En su vida privada, Galdós mantuvo igualmente una relación de respeto y cercanía con el mundo taurino, aunque nunca fue un entusiasta aficionado. Él mismo permaneció soltero y dedicado principalmente a las letras, pero entabló amistad con figuras prominentes de la tauromaquia de su época. Su vínculo más conocido fue con Rafael González “Machaquito”, célebre matador cordobés de la primera década del siglo XX. Don Benito cultivó una amistad “estrecha” con Machaquito e incluso accedió a escribir el prólogo de una biografía del torero publicada en 1912. En ese prólogo, Galdós comienza confesando humildemente “¿qué puede decir de toros […] quien no siente afición por la fiesta y desconoce el sentido y el léxico de un arte en que la destreza supone tanto como la valentía?”. Con honestidad intelectual, admite “no querer incurrir en la flaqueza […] de hablar de lo que no se conoce”, dejando claro que él mismo no se consideraba versado ni apasionado en temas taurinos. Ahora bien, la admiración y cariño personal que sentía por Machaquito quedan patentes en ese texto: Galdós elogia la “alma ingenua y corazón grande” del torero y declara su “ferviente afán de que abandone pronto los terribles riesgos de su peligrosísima profesión”, deseando que su amigo deje los ruedos para tranquilidad de su familia y de quienes le quieren. Estas líneas revelan a un Galdós humanamente sensibilizado ante el peligro que corren los toreros, más preocupado por el hombre que por el mito, y capaz de apreciar las virtudes personales de un diestro fuera de la plaza. De hecho, la relación casi familiar entre el novelista y el torero se confirma con un dato entrañable: la hija natural de Machaquito, Rafaela (a quien llamaban “Faelita”), fue adoptada por allegados de Galdós y convivió en la casa del escritor, leyendo la prensa en voz alta al ya anciano y medio ciego don Benito. Galdós la llegó a considerar “alegría de esa casa”, como escribió en 1916. No es de extrañar, pues, que Machaquito asistiera conmovido al funeral del escritor en 1920.
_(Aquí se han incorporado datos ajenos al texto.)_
(* Let $(P,A,\lambda)$ be a marked poset, $(U_1,U_2)$ an admissible decomposition, $A_1=A\cup U_1$, and let $\pi_1:\mathbb{R}^{P\setminus A}\to\mathbb{R}^{U_1}$, $\pi_2:\mathbb{R}^{P\setminus A}\to\mathbb{R}^{U_2}$ be the coordinate projections. For a point $s$, let $\lambda^s:A_1\to\mathbb{R}$ be given by $\lambda^s(p)=\lambda_p$ for $p\in A$ and $\lambda^s(p)=s_p$ for $p\in U_1$. Then: (1) for $s\in\mathcal{O}_{P,A}(\lambda)$, $\{\pi_2(y): y\in\mathcal{O}_{P,A}(\lambda),\ \pi_1(y)=\pi_1(s)\}=\mathcal{O}_{P,A_1}(\lambda^s)$; (2) for $s\in\mathcal{CO}_{U_1,U_2}(\lambda)$, $\{\pi_2(y): y\in\mathcal{CO}_{U_1,U_2}(\lambda),\ \pi_1(y)=\pi_1(s)\}=\mathcal{C}_{P,A_1}(\lambda^s)$.
   Context: A marked poset is a triple $(P,A,\lambda)$ where $(P,\prec)$ is a finite poset, $A\subseteq P$ contains all minimal and all maximal elements of $P$, and $\lambda:A\to\mathbb{Z}_{\ge 0}$, $a\mapsto\lambda_a$. A decomposition of $(P,A,\lambda)$ is a pair $(U_1,U_2)$ of disjoint sets with $U_1\cup U_2=P\setminus A$; it is admissible if there are no $u_1\in U_1$, $u_2\in U_2$ with $u_1\prec u_2$. For any such $(P,A)$, real-valued $\lambda$ on $A$, and decomposition $(U_1,U_2)$ of $P\setminus A$, the marked chain-order polytope $\mathcal{CO}_{U_1,U_2}(\lambda)\subset\mathbb{R}^{P\setminus A}$ is the set of $(x_p)_{p\in P\setminus A}$ such that: (i) $x_p\le\lambda_a$ whenever $p\in U_1$, $a\in A$, $p\prec a$; (ii) $\lambda_b\le x_q$ whenever $q\in U_1$, $b\in A$, $b\prec q$; (iii) $x_p\le x_q$ whenever $p,q\in U_1$, $p\prec q$; (iv) $x_p\ge0$ for $p\in U_2$; (v) for every chain $b\prec p_n\prec\cdots\prec p_1\prec a$ with $n\ge1$, $a,b\in A\cup U_1$, $p_i\in U_2$: $x_{p_1}+\cdots+x_{p_n}\le\lambda_a-\lambda_b$, where $\lambda_q$ means $x_q$ for $q\in U_1$; (vi) for every chain $p_1\prec\cdots\prec p_s\prec q$ with $q\in U_1$, $p_i\in U_2$: $x_{p_1}+\cdots+x_{p_s}\le x_q$. The marked order polytope is $\mathcal{O}_{P,A}(\lambda)=\mathcal{CO}_{P\setminus A,\emptyset}(\lambda)$ and the marked chain polytope is $\mathcal{C}_{P,A}(\lambda)=\mathcal{CO}_{\emptyset,P\setminus A}(\lambda)$. Accordingly $\mathcal{O}_{P,A_1}(\lambda^s)$ and $\mathcal{C}_{P,A_1}(\lambda^s)$ are the marked order and marked chain polytopes of $P$ with marked set $A_1$ and marking $\lambda^s$; they lie in $\mathbb{R}^{P\setminus A_1}=\mathbb{R}^{U_2}$. *)

theory Defs
  imports Complex_Main "HOL-Library.FuncSet"
begin

text \<open>Points of R^(P - A) are functions 'a => real that are extensional on P - A
  (i.e. take the value undefined outside P - A).\<close>

definition marked_poset :: "'a set \<Rightarrow> ('a \<Rightarrow> 'a \<Rightarrow> bool) \<Rightarrow> 'a set \<Rightarrow> ('a \<Rightarrow> real) \<Rightarrow> bool" where
  "marked_poset P prec A lam \<longleftrightarrow>
     finite P
   \<and> (\<forall>p\<in>P. \<not> prec p p)
   \<and> (\<forall>p\<in>P. \<forall>q\<in>P. \<forall>r\<in>P. prec p q \<and> prec q r \<longrightarrow> prec p r)
   \<and> A \<subseteq> P
   \<and> (\<forall>p\<in>P. (\<not> (\<exists>q\<in>P. prec q p)) \<longrightarrow> p \<in> A)
   \<and> (\<forall>p\<in>P. (\<not> (\<exists>q\<in>P. prec p q)) \<longrightarrow> p \<in> A)
   \<and> (\<forall>a\<in>A. lam a \<in> \<nat>)"

definition admissible_decomp :: "'a set \<Rightarrow> ('a \<Rightarrow> 'a \<Rightarrow> bool) \<Rightarrow> 'a set \<Rightarrow> 'a set \<Rightarrow> 'a set \<Rightarrow> bool" where
  "admissible_decomp P prec A U1 U2 \<longleftrightarrow>
     U1 \<inter> U2 = {} \<and> U1 \<union> U2 = P - A
   \<and> \<not> (\<exists>u1\<in>U1. \<exists>u2\<in>U2. prec u1 u2)"

text \<open>Marked chain-order polytope CO_{U1,U2}(lam).  A chain b < p_n < ... < p_1 < a
  is encoded as a list ps (listed increasingly) with sorted_wrt prec (b # ps @ [a]).\<close>

definition chain_order_polytope ::
  "'a set \<Rightarrow> ('a \<Rightarrow> 'a \<Rightarrow> bool) \<Rightarrow> 'a set \<Rightarrow> ('a \<Rightarrow> real) \<Rightarrow> 'a set \<Rightarrow> 'a set \<Rightarrow> ('a \<Rightarrow> real) set" where
  "chain_order_polytope P prec A lam U1 U2 =
    {x \<in> extensional (P - A).
       (\<forall>p\<in>U1. \<forall>a\<in>A. prec p a \<longrightarrow> x p \<le> lam a)
     \<and> (\<forall>q\<in>U1. \<forall>b\<in>A. prec b q \<longrightarrow> lam b \<le> x q)
     \<and> (\<forall>p\<in>U1. \<forall>q\<in>U1. prec p q \<longrightarrow> x p \<le> x q)
     \<and> (\<forall>p\<in>U2. 0 \<le> x p)
     \<and> (\<forall>a\<in>A \<union> U1. \<forall>b\<in>A \<union> U1. \<forall>ps. ps \<noteq> [] \<and> set ps \<subseteq> U2
            \<and> sorted_wrt prec (b # ps @ [a]) \<longrightarrow>
            sum_list (map x ps) \<le> (if a \<in> U1 then x a else lam a) - (if b \<in> U1 then x b else lam b))
     \<and> (\<forall>q\<in>U1. \<forall>ps. ps \<noteq> [] \<and> set ps \<subseteq> U2 \<and> sorted_wrt prec (ps @ [q]) \<longrightarrow>
            sum_list (map x ps) \<le> x q)}"

definition marked_order_polytope ::
  "'a set \<Rightarrow> ('a \<Rightarrow> 'a \<Rightarrow> bool) \<Rightarrow> 'a set \<Rightarrow> ('a \<Rightarrow> real) \<Rightarrow> ('a \<Rightarrow> real) set" where
  "marked_order_polytope P prec A lam = chain_order_polytope P prec A lam (P - A) {}"

definition marked_chain_polytope ::
  "'a set \<Rightarrow> ('a \<Rightarrow> 'a \<Rightarrow> bool) \<Rightarrow> 'a set \<Rightarrow> ('a \<Rightarrow> real) \<Rightarrow> ('a \<Rightarrow> real) set" where
  "marked_chain_polytope P prec A lam = chain_order_polytope P prec A lam {} (P - A)"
En suma, Benito Pérez Galdós no fue un fanático taurino, pero tampoco un cruzado antitoros. Sus primeros escritos revelan críticas hacia la Fiesta desde el “respeto” intelectual, más dirigidas a sus excesos y agentes indeseables que a la tradición en sí. Al mismo tiempo, Galdós reconoció el arraigo popular de los toros y llegó a defender su conservación como elemento definitorio de la idiosincrasia española. Su actitud combinaba escepticismo ilustrado y comprensión sociológica: por un lado deploraba la incultura y la violencia asociadas a las corridas, y personalmente no disfrutaba de la lidia; pero por otro lado aceptaba que la tauromaquia formaba parte del ADN cultural del pueblo español, una pasión colectiva contra la cual resulta estéril declamar. Como él mismo observó, “los que gastan tinta y saliva en abominar de la Tauromaquia […] declaman estérilmente contra un apetito, contra una pasión que está en el fondo mismo del carácter nacional”. Esta postura dual –crítica racional pero empática con la tradición– define la relación personal de Galdós con los toros y sirve de marco para interpretar las múltiples apariciones de lo taurino en su producción literaria.
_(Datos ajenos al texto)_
(* Let $n$ be odd and $\alpha>0$ with $\alpha\,bin(n,\tfrac12,i)\le1$ for all $i$. Let $P_e$ be the distribution on $\{0,1\}^{n+1}$ (coordinates indexed by $i\in\{0,\ldots,n\}$) in which coordinate $i$ is independently $1$ with probability $S_e(i)$ and $0$ otherwise. Then $\sum_{u\in\{0,1\}^{n+1}}\sqrt{P_e(u)}\le e^{\sqrt\alpha\,(2\pi n)^{1/4}}$. The same bound holds for the analogous distribution $P_o$ induced by $S_o$.
   Context: $bin(n,p,k)=\binom nk p^k(1-p)^{n-k}$. $S_e(i)=\alpha\,bin(n,\tfrac12,i)$ for even $i$ and $0$ for odd $i$; $S_o(i)=\alpha\,bin(n,\tfrac12,i)$ for odd $i$ and $0$ for even $i$, for $i\in\{0,\ldots,n\}$. *)

theory Defs
  imports "HOL-Analysis.Analysis"
begin

definition bin :: "nat \<Rightarrow> real \<Rightarrow> nat \<Rightarrow> real" where
  "bin n p k = real (n choose k) * p ^ k * (1 - p) ^ (n - k)"

definition S_e :: "real \<Rightarrow> nat \<Rightarrow> nat \<Rightarrow> real" where
  "S_e \<alpha> n i = (if even i then \<alpha> * bin n (1/2) i else 0)"

definition S_o :: "real \<Rightarrow> nat \<Rightarrow> nat \<Rightarrow> real" where
  "S_o \<alpha> n i = (if odd i then \<alpha> * bin n (1/2) i else 0)"

text \<open>A point u of {0,1}^{n+1} is a function u :: nat => bool, extensional outside {0..n}.\<close>
definition prod_dist :: "(nat \<Rightarrow> real) \<Rightarrow> nat \<Rightarrow> (nat \<Rightarrow> bool) \<Rightarrow> real" where
  "prod_dist S n u = (\<Prod>i\<in>{0..n}. if u i then S i else 1 - S i)"

definition cube :: "nat \<Rightarrow> (nat \<Rightarrow> bool) set" where
  "cube n = {0..n} \<rightarrow>\<^sub>E (UNIV :: bool set)"

end

theory Submission
  imports Defs
begin

(* Independence of the coordinates factors the sum of sqrt P(u) over the cube into
   prod_i (sqrt S_i + sqrt (1 - S_i)) <= exp (sum_i sqrt S_i), so it suffices to bound the sum of
   sqrt (bin n (1/2) i) over one parity class of i by n^(1/4), where n = 2m+1.

   The key estimate compares row n of Pascal's triangle with row 2n+1:
     bin n (1/2) i <= 4 sqrt n * bin (2n+1) (1/2) (i+m+1)^2.
   At the centre i = m it follows from the Wallis-type bounds 1/(4k) <= c_k^2 <= (2k-1)/(4k^2)
   for c_k = bin (2k) (1/2) k; for i > m the ratio of the two sides decreases (a cubic
   polynomial inequality), and i < m is the mirror image. Taking square roots, each term is at
   most 2 n^(1/4) bin (2n+1) (1/2) (i+m+1), and the indices i+m+1 of one parity class carry
   probability at most 1/2 in row 2n+1. *)

lemma bin_half: "bin n (1/2) k = real (n choose k) / 2 ^ n"
proof (cases "k \<le> n")
  case True
  then have "(1/2::real) ^ k * (1/2) ^ (n - k) = (1/2) ^ n"
    by (simp flip: power_add)
  then show ?thesis
    unfolding bin_def by (simp add: mult.assoc power_one_over)
qed (simp add: bin_def binomial_eq_0)

lemma bin_half_nonneg: "0 \<le> bin n (1/2) k"
  by (simp add: bin_half)

lemma bin_half_pos: "k \<le> n \<Longrightarrow> 0 < bin n (1/2) k"
  by (simp add: bin_half)

lemma bin_half_symmetric: "k \<le> n \<Longrightarrow> bin n (1/2) (n - k) = bin n (1/2) k"
  by (simp add: bin_half binomial_symmetric[symmetric])

lemma bin_half_Suc: "real (Suc k) * bin n (1/2) (Suc k) = real (n - k) * bin n (1/2) k"
proof -
  have "Suc k * (n choose Suc k) = (n - k) * (n choose k)"
    using binomial_absorption[of k n] binomial_absorb_comp[of n k] by simp
  then have "real (Suc k) * real (n choose Suc k) = real (n - k) * real (n choose k)"
    by (metis of_nat_mult)
  then show ?thesis
    by (simp add: bin_half)
qed

lemma choose_odd_central: "Suc (2 * k) choose Suc k = Suc (2 * k) choose k"
  using central_binomial_odd[of "Suc (2 * k)"] by simp

lemma bin_half_odd_central: "bin (Suc (2 * k)) (1/2) k = bin (2 * Suc k) (1/2) (Suc k)"
proof -
  have "2 * Suc k choose Suc k = 2 * (Suc (2 * k) choose k)"
    using choose_odd_central[of k] by simp
  then show ?thesis
    by (simp add: bin_half)
qed

lemma bin_half_central_Suc:
  "bin (2 * Suc k) (1/2) (Suc k) = (2 * k + 1) / (2 * k + 2) * bin (2 * k) (1/2) k"
proof -
  have "Suc k * (Suc (2 * k) choose k) = Suc (2 * k) * (2 * k choose k)"
    using Suc_times_binomial[of k "2 * k"] choose_odd_central[of k] by simp
  then have "real (Suc k) * real (Suc (2 * k) choose k) = real (Suc (2 * k)) * real (2 * k choose k)"
    by (metis of_nat_mult)
  then have odd_central: "real (Suc (2 * k) choose k) = (2 * k + 1) * real (2 * k choose k) / (k + 1)"
    by (simp add: field_simps)
  show ?thesis
    unfolding bin_half_odd_central[symmetric] unfolding bin_half odd_central by (simp add: field_simps)
qed

lemma bin_half_central_Suc_sq:
  "(2 * real k + 2) ^ 2 * bin (2 * Suc k) (1/2) (Suc k) ^ 2
    = (2 * real k + 1) ^ 2 * bin (2 * k) (1/2) k ^ 2"
proof -
  have "(2 * real k + 2) * bin (2 * Suc k) (1/2) (Suc k) = (2 * real k + 1) * bin (2 * k) (1/2) k"
    unfolding bin_half_central_Suc by (simp add: field_simps)
  then show ?thesis
    by (simp flip: power_mult_distrib)
qed

lemma bin_half_central_sq_lower: "1 \<le> k \<Longrightarrow> 1 \<le> 4 * k * bin (2 * k) (1/2) k ^ 2"
proof (induction k rule: nat_induct_at_least)
  case base
  then show ?case by (simp add: bin_half power2_eq_square)
next
  case (Suc k)
  have "4 * real k * (k + 1) * 1 \<le> (2 * real k + 1) ^ 2"
    by (simp add: power2_eq_square algebra_simps)
  also have "\<dots> \<le> (2 * real k + 1) ^ 2 * (4 * real k * bin (2 * k) (1/2) k ^ 2)"
    using Suc.IH by (simp add: mult_le_cancel_left1)
  also have "\<dots> = 4 * real k * ((2 * real k + 2) ^ 2 * bin (2 * Suc k) (1/2) (Suc k) ^ 2)"
    using bin_half_central_Suc_sq[of k] by (simp add: algebra_simps)
  also have "\<dots> = 4 * real k * (k + 1) * (4 * real (Suc k) * bin (2 * Suc k) (1/2) (Suc k) ^ 2)"
    by (simp add: power2_eq_square algebra_simps)
  finally show ?case
    by (rule mult_left_le_imp_le) (use Suc.hyps in simp)
qed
La tauromaquia en la obra de Galdós: escenas, personajes y símbolos
Más allá de sus opiniones explícitas, la obra narrativa de Galdós está salpicada de referencias taurinas que reflejan la presencia de los toros en la sociedad española decimonónica. Si bien Galdós no escribió novelas exclusivamente taurinas ni convirtió a un torero en protagonista central de sus ficciones, incorporó con frecuencia escenas de corrida, personajes aficionados y lenguaje taurino para dar color y verosimilitud a sus relatos. Estas inclusiones cumplen diversas funciones: algunas veces sirven de contexto histórico, otras de metáfora política o retrato de costumbres, y en todos los casos añaden autenticidad al fresco social galdosiano. A continuación examinamos los ejemplos más significativos, distinguiendo entre sus novelas históricas (Episodios nacionales) y sus novelas de ambiente contemporáneo.
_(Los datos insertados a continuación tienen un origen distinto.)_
(*
  Put d = x1 - x2 and g = phi(x1) - phi(x2) entrywise, with phi = ln for L = 2 and
  phi = sgn p * (.) powr p, p = 2/L - 1, otherwise; the sign makes phi increasing.
  The entries stay in a compact interval [c, C] on which phi' >= m > 0, so the mean
  value theorem gives m |d|^2 <= d . g.  As P = pinv A ** A is symmetric,
  d . g = (P d) . g + d . ((I - P) g); here P d = pinv A (A d) -> 0 and (I - P) g -> 0
  by hypothesis, while d and g stay bounded, so d . g -> 0 and hence d -> 0.
  Symmetry of P needs the Penrose solution to exist; it is built from the orthogonal
  projections (closest_point) onto the column and row spaces of A.
*)

lemma closest_point_in_subspace:
  fixes S :: "'a::euclidean_space set"
  shows "subspace S \<Longrightarrow> closest_point S x \<in> S"
  by (intro closest_point_in_set closed_subspace) (auto dest: subspace_0)

lemma closest_point_subspace_orthogonal:
  fixes S :: "'a::euclidean_space set"
  assumes "subspace S" "w \<in> S"
  shows "(x - closest_point S x) \<bullet> w = 0"
proof -
  let ?p = "closest_point S x"
  have conv: "convex S" and cl: "closed S"
    using assms(1) by (simp_all add: subspace_imp_convex closed_subspace)
  have p: "?p \<in> S"
    using assms(1) by (rule closest_point_in_subspace)
  have "(x - ?p) \<bullet> ((?p + c *\<^sub>R w) - ?p) \<le> 0" for c
    using assms p by (intro closest_point_dot conv cl) (simp add: subspace_add subspace_scale)
  from this[of 1] this[of "-1"] show ?thesis by simp
qed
En los Episodios nacionales –la serie de novelas históricas con las que Galdós noveló el convulso siglo XIX español– encontramos quizás la escena taurina más desarrollada de toda su obra, incluida en Juan Mendizábal (episodio nº 22, publicado en 1898). Ambientada en los años románticos (década de 1830), esta novela sitúa una corrida de toros en pleno corazón de la trama, aprovechándola como espectáculo simbólico de aquella época tumultuosa. Uno de los personajes centrales es un clérigo llamado Pedro Hillo, presentado como “cura ejemplar” pero también apasionado aficionado taurino –no por nada Galdós lo “bautiza” literariamente en honor al torero histórico Pepe-Hillo. A través de los ojos de Hillo y de otro personaje erudito (don José de Calpena), Galdós describe una corrida donde compiten “las dos grandes escuelas taurinas (la rondeña y la sevillana)”, demostrando un conocimiento detallado de las suertes del toreo y de la jerga especializada. La crónica de la corrida que Galdós realiza en Mendizábal es considerada “de antología” por los críticos. En ella, el joven Calpena –que asiste por primera vez a los toros– aprende “no sólo los terminachos, sino las reglas del toreo, adquiriendo el placer de la lidia” acompañado por el sabio Padre Hillo. Galdós expone incluso la eterna dicotomía estilística del arte taurino, poniendo en boca de sus personajes una discusión sobre tauromaquia clásica versus tauromaquia romántica: “Era Hillo devotísimo de la escuela rondeña […] el arte propiamente dicho, la destreza en el engaño, la burla ingeniosa del peligro, la distinción, la apostura, la gallardía de la figura toreril delante de la fiera; [mientras que] encomiaba Milagro el valor, la brutal acometividad sin remilgos, mirando más a la eficacia de la suerte que al afán de pintarla […] Eran, pues, clásico el uno, romántico el otro”. Este pasaje muestra no solo la vivacidad con que Galdós recrea la atmósfera de la plaza, sino también su comprensión de las corrientes estéticas del toreo, algo que difícilmente habría logrado sin haber presenciado varias corridas en carne propia. De hecho, especialistas han resaltado la abundancia de vocabulario taurino en Mendizábal y su función simbólica dentro de la novela, concluyendo que Galdós poseía “un conocimiento taurómaco […] más profundo de lo que […] la crítica ha venido señalando”.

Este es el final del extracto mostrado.